O ministro do Superior Tribunal de Justiça (STJ), Ribeiro Dantas, negou liminarmente habeas corpus aos executivos Marcelo Odebrecht, Cesar Ramos Rocha, Márcio Faria da Silva e Rogério Santos de Araújo, investigados pela Operação Lava Jato, da Polícia Federal (PF). No habeas corpus, a defesa dos executivos da Odebrecht pedia o trancamento de um segundo processo que apura a suposta prática de corrupção ativa. A decisão foi informada no sábado (31) pelo STJ.

Os quatro executivos já foram denunciados por organização criminosa, corrupção ativa e lavagem de dinheiro, processo no qual foram decretadas suas prisões preventivas.

Os advogados recorreram de decisão de desembargador do Tribunal Regional Federal da 4ª Região (TRF4) que indeferiu liminarmente ohabeas corpus. A defesa sustentou que os executivos estão sendo submetidos a flagrante constrangimento ilegal, pois no segundo processo são apuradas as mesmas condutas objeto da primeira ação penal.
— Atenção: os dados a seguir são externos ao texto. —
(* Let $S$ be a relation algebra and $\# : S\to\mathbb{N}\cup\{\infty\}$ a function. Consider the properties (C1a) $\#\bot=0$; (C1b) $\forall x:\ \#x=0\iff x=\bot$; (C4a) $\forall x,y:\ \#x+\#y=\#(x\sqcup y)+\#(x\sqcap y)$; (C4b) $\forall x,y:\ x\sqsubseteq y\implies\#x\le\#y$; (C7a) $\forall x:\ \#x=\#\top\iff x=\top$; (C9) $\#\top\neq\infty$. Then: 1. (C1a) and (C4a) together imply (C4b). 2. (C1b), (C4a) and (C9) together imply (C7a).
   Context: A Stone relation algebra is a structure $(S,\sqcup,\sqcap,\cdot,\overline{\,\cdot\,},{}^{\smile},\bot,\top,1)$ (write $xy$ for $x\cdot y$, $\overline{x}$ for the pseudocomplement, $x^{\smile}$ for the converse) such that: $(S,\sqcup,\sqcap,\bot,\top)$ is a bounded distributive lattice with order $x\sqsubseteq y\iff x\sqcup y=y$; $x\sqcap y=\bot\iff x\sqsubseteq\overline{y}$; $\overline{x}\sqcup\overline{\overline{x}}=\top$; $\cdot$ is associative with two-sided unit $1$, distributes over $\sqcup$ on both sides, and $\bot$ is a zero of $\cdot$; $x^{\smile\smile}=x$, $(xy)^{\smile}=y^{\smile}x^{\smile}$, $(x\sqcup y)^{\smile}=x^{\smile}\sqcup y^{\smile}$; $\overline{\overline{1}}=1$; $\overline{\overline{xy}}=\overline{\overline{x}}\,\overline{\overline{y}}$; $xy\sqcap z\sqsubseteq x(y\sqcap x^{\smile}z)$. A relation algebra is a Stone relation algebra with $\overline{\overline{x}}=x$ for all $x$. Arithmetic in $\mathbb{N}\cup\{\infty\}$ is the usual one with $n+\infty=\infty+n=\infty$, $n\le\infty$. *)

theory Defs
  imports Main "HOL-Library.Extended_Nat"
begin

text \<open>The order is x \<sqsubseteq> y iff join x y = y.\<close>

definition stone_relation_algebra ::
  "('a \<Rightarrow> 'a \<Rightarrow> 'a) \<Rightarrow> ('a \<Rightarrow> 'a \<Rightarrow> 'a) \<Rightarrow> ('a \<Rightarrow> 'a \<Rightarrow> 'a) \<Rightarrow>
   ('a \<Rightarrow> 'a) \<Rightarrow> ('a \<Rightarrow> 'a) \<Rightarrow> 'a \<Rightarrow> 'a \<Rightarrow> 'a \<Rightarrow> bool" where
  "stone_relation_algebra join meet mult pc conv bt tp un \<longleftrightarrow>
     \<comment> \<open>bounded distributive lattice\<close>
     (\<forall>x y z. join x (join y z) = join (join x y) z) \<and>
     (\<forall>x y. join x y = join y x) \<and>
     (\<forall>x. join x x = x) \<and>
     (\<forall>x y z. meet x (meet y z) = meet (meet x y) z) \<and>
     (\<forall>x y. meet x y = meet y x) \<and>
     (\<forall>x. meet x x = x) \<and>
     (\<forall>x y. join x (meet x y) = x) \<and>
     (\<forall>x y. meet x (join x y) = x) \<and>
     (\<forall>x y z. meet x (join y z) = join (meet x y) (meet x z)) \<and>
     (\<forall>x. join x bt = x) \<and>
     (\<forall>x. meet x tp = x) \<and>
     \<comment> \<open>pseudocomplement and Stone axiom\<close>
     (\<forall>x y. meet x y = bt \<longleftrightarrow> join x (pc y) = pc y) \<and>
     (\<forall>x. join (pc x) (pc (pc x)) = tp) \<and>
     \<comment> \<open>composition: monoid, distributes over join, bt is zero\<close>
     (\<forall>x y z. mult x (mult y z) = mult (mult x y) z) \<and>
     (\<forall>x. mult un x = x) \<and>
     (\<forall>x. mult x un = x) \<and>
     (\<forall>x y z. mult x (join y z) = join (mult x y) (mult x z)) \<and>
     (\<forall>x y z. mult (join x y) z = join (mult x z) (mult y z)) \<and>
     (\<forall>x. mult bt x = bt) \<and>
     (\<forall>x. mult x bt = bt) \<and>
     \<comment> \<open>converse\<close>
     (\<forall>x. conv (conv x) = x) \<and>
     (\<forall>x y. conv (mult x y) = mult (conv y) (conv x)) \<and>
     (\<forall>x y. conv (join x y) = join (conv x) (conv y)) \<and>
     \<comment> \<open>remaining axioms\<close>
     pc (pc un) = un \<and>
     (\<forall>x y. pc (pc (mult x y)) = mult (pc (pc x)) (pc (pc y))) \<and>
     (\<forall>x y z. join (meet (mult x y) z) (mult x (meet y (mult (conv x) z)))
                = mult x (meet y (mult (conv x) z)))"

definition relation_algebra ::
  "('a \<Rightarrow> 'a \<Rightarrow> 'a) \<Rightarrow> ('a \<Rightarrow> 'a \<Rightarrow> 'a) \<Rightarrow> ('a \<Rightarrow> 'a \<Rightarrow> 'a) \<Rightarrow>
   ('a \<Rightarrow> 'a) \<Rightarrow> ('a \<Rightarrow> 'a) \<Rightarrow> 'a \<Rightarrow> 'a \<Rightarrow> 'a \<Rightarrow> bool" where
  "relation_algebra join meet mult pc conv bt tp un \<longleftrightarrow>
     stone_relation_algebra join meet mult pc conv bt tp un \<and> (\<forall>x. pc (pc x) = x)"

end

theory Submission
  imports Defs
begin

(* In a Boolean algebra every y above x is the disjoint join of x and y \<sqinter> -x, so additivity
   gives #y = #x + #(y \<sqinter> -x) \<ge> #x. Likewise #x + #(-x) = #\<top>; if #x = #\<top> is finite, then
   #(-x) = 0, hence -x = \<bottom> and x = \<top>. *)

lemma relation_algebra_abstract_boolean_algebra:
  assumes "relation_algebra join meet mult pc conv bt tp un"
  shows "abstract_boolean_algebra meet join pc bt tp"
proof -
  note ax = assms[unfolded relation_algebra_def stone_relation_algebra_def]
  have join_assoc: "join x (join y z) = join (join x y) z"
    and join_comm: "join x y = join y x"
    and join_idem: "join x x = x"
    and meet_assoc: "meet x (meet y z) = meet (meet x y) z"
    and meet_comm: "meet x y = meet y x"
    and join_absorb: "join x (meet x y) = x"
    and meet_absorb: "meet x (join x y) = x"
    and meet_join_distrib: "meet x (join y z) = join (meet x y) (meet x z)"
    and join_bot: "join x bt = x"
    and meet_top: "meet x tp = x"
    and pseudocompl: "meet x y = bt \<longleftrightarrow> join x (pc y) = pc y"
    and stone: "join (pc x) (pc (pc x)) = tp"
    and double_pc: "pc (pc x) = x"
    for x y z
    using ax by metis+
  show ?thesis
  proof (unfold_locales)
    fix x y z
    show "meet (meet x y) z = meet x (meet y z)" by (rule meet_assoc[symmetric])
    show "meet x y = meet y x" by (rule meet_comm)
    show "join (join x y) z = join x (join y z)" by (rule join_assoc[symmetric])
    show "join x y = join y x" by (rule join_comm)
    show "meet x (join y z) = join (meet x y) (meet x z)" by (rule meet_join_distrib)
    show "meet x tp = x" by (rule meet_top)
    show "join x bt = x" by (rule join_bot)
    have "meet (join x y) (join x z) = join (meet (join x y) x) (meet (join x y) z)"
      by (rule meet_join_distrib)
    also have "\<dots> = join x (join (meet z x) (meet z y))"
      by (simp only: meet_comm[of "join x y" x] meet_comm[of "join x y" z]
          meet_absorb meet_join_distrib)
    also have "\<dots> = join (join x (meet x z)) (meet z y)"
      by (simp only: join_assoc meet_comm[of z x])
    also have "\<dots> = join x (meet y z)"
      by (simp only: join_absorb meet_comm[of z y])
    finally show "join x (meet y z) = meet (join x y) (join x z)" ..
    show "meet x (pc x) = bt"
      using pseudocompl[of "pc x" x] by (simp add: join_idem meet_comm[of x "pc x"])
    show "join x (pc x) = tp"
      using stone[of x] by (simp add: double_pc join_comm[of x "pc x"])
  qed
qed

context abstract_boolean_algebra
begin

lemma disj_conj_compl_eq:
  assumes "x \<^bold>\<squnion> y = y"
  shows "x \<^bold>\<squnion> (y \<^bold>\<sqinter> \<^bold>- x) = y"
  by (simp add: disj_conj_distrib assms)

lemma conj_conj_compl_eq_zero: "x \<^bold>\<sqinter> (y \<^bold>\<sqinter> \<^bold>- x) = \<^bold>0"
  by (simp only: conj.left_commute[of x y] conj_cancel_right conj_zero_right)

lemma additive_count_mono:
  fixes cnt :: "'a \<Rightarrow> 'b::canonically_ordered_monoid_add"
  assumes zero: "cnt \<^bold>0 = 0"
    and additive: "\<And>x y. cnt x + cnt y = cnt (x \<^bold>\<squnion> y) + cnt (x \<^bold>\<sqinter> y)"
    and "x \<^bold>\<squnion> y = y"
  shows "cnt x \<le> cnt y"
proof -
  have "cnt x + cnt (y \<^bold>\<sqinter> \<^bold>- x) = cnt y"
    using additive[of x "y \<^bold>\<sqinter> \<^bold>- x"]
    by (simp only: disj_conj_compl_eq[OF \<open>x \<^bold>\<squnion> y = y\<close>] conj_conj_compl_eq_zero zero add_0_right)
  then show ?thesis
    by (metis le_iff_add)
qed

lemma additive_count_eq_top_iff:
  fixes cnt :: "'a \<Rightarrow> enat"
  assumes zero_iff: "\<And>x. cnt x = 0 \<longleftrightarrow> x = \<^bold>0"
    and additive: "\<And>x y. cnt x + cnt y = cnt (x \<^bold>\<squnion> y) + cnt (x \<^bold>\<sqinter> y)"
    and finite: "cnt \<^bold>1 \<noteq> \<infinity>"
  shows "cnt x = cnt \<^bold>1 \<longleftrightarrow> x = \<^bold>1"
proof
  assume "cnt x = cnt \<^bold>1"
  then have "cnt \<^bold>1 + cnt (\<^bold>- x) = cnt \<^bold>1 + 0"
    using additive[of x "\<^bold>- x"] zero_iff[of "\<^bold>0"] by simp
  then have "cnt (\<^bold>- x) = 0"
    using finite by (simp add: enat_add_left_cancel)
  then have "\<^bold>- x = \<^bold>0"
    using zero_iff by blast
  then show "x = \<^bold>1"
    by (metis double_compl compl_zero)
qed simp

end

theorem mainTheorem4:
  fixes join meet mult :: "'a \<Rightarrow> 'a \<Rightarrow> 'a"
    and pc conv :: "'a \<Rightarrow> 'a"
    and bt tp un :: 'a
    and cnt :: "'a \<Rightarrow> enat"
  assumes "relation_algebra join meet mult pc conv bt tp un"
  shows "((cnt bt = 0 \<and> (\<forall>x y. cnt x + cnt y = cnt (join x y) + cnt (meet x y)))
            \<longrightarrow> (\<forall>x y. join x y = y \<longrightarrow> cnt x \<le> cnt y))
       \<and> (((\<forall>x. cnt x = 0 \<longleftrightarrow> x = bt)
            \<and> (\<forall>x y. cnt x + cnt y = cnt (join x y) + cnt (meet x y))
            \<and> cnt tp \<noteq> \<infinity>)
            \<longrightarrow> (\<forall>x. cnt x = cnt tp \<longleftrightarrow> x = tp))"
proof -
  interpret abstract_boolean_algebra meet join pc bt tp
    using assms by (rule relation_algebra_abstract_boolean_algebra)
  show ?thesis
    using additive_count_mono[of cnt] additive_count_eq_top_iff[of cnt] by blast
qed

end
Na decisão, o ministro Ribeiro Dantas destacou que o STJ já tem jurisprudência pacificada no sentido de que não cabe habeas corpus contra decisão que indefere pedido liminar, salvo em casos de flagrante ilegalidade. “No caso dos autos, não se verifica a ocorrência de flagrante ilegalidade na decisão impugnada, de modo a justificar o processamento da presente ordem”, disse Ribeiro Dantas, no processo.

No dia 19 de setembro, o juiz federal Sérgio Moro, da 13ª Vara Federal de Curitiba, mandou soltarCesar Ramos Rocha. Segundo Moro, a prisão de Rocha pode ser convertida em medidas cautelares porque o investigado não oferece mais riscos às investigações.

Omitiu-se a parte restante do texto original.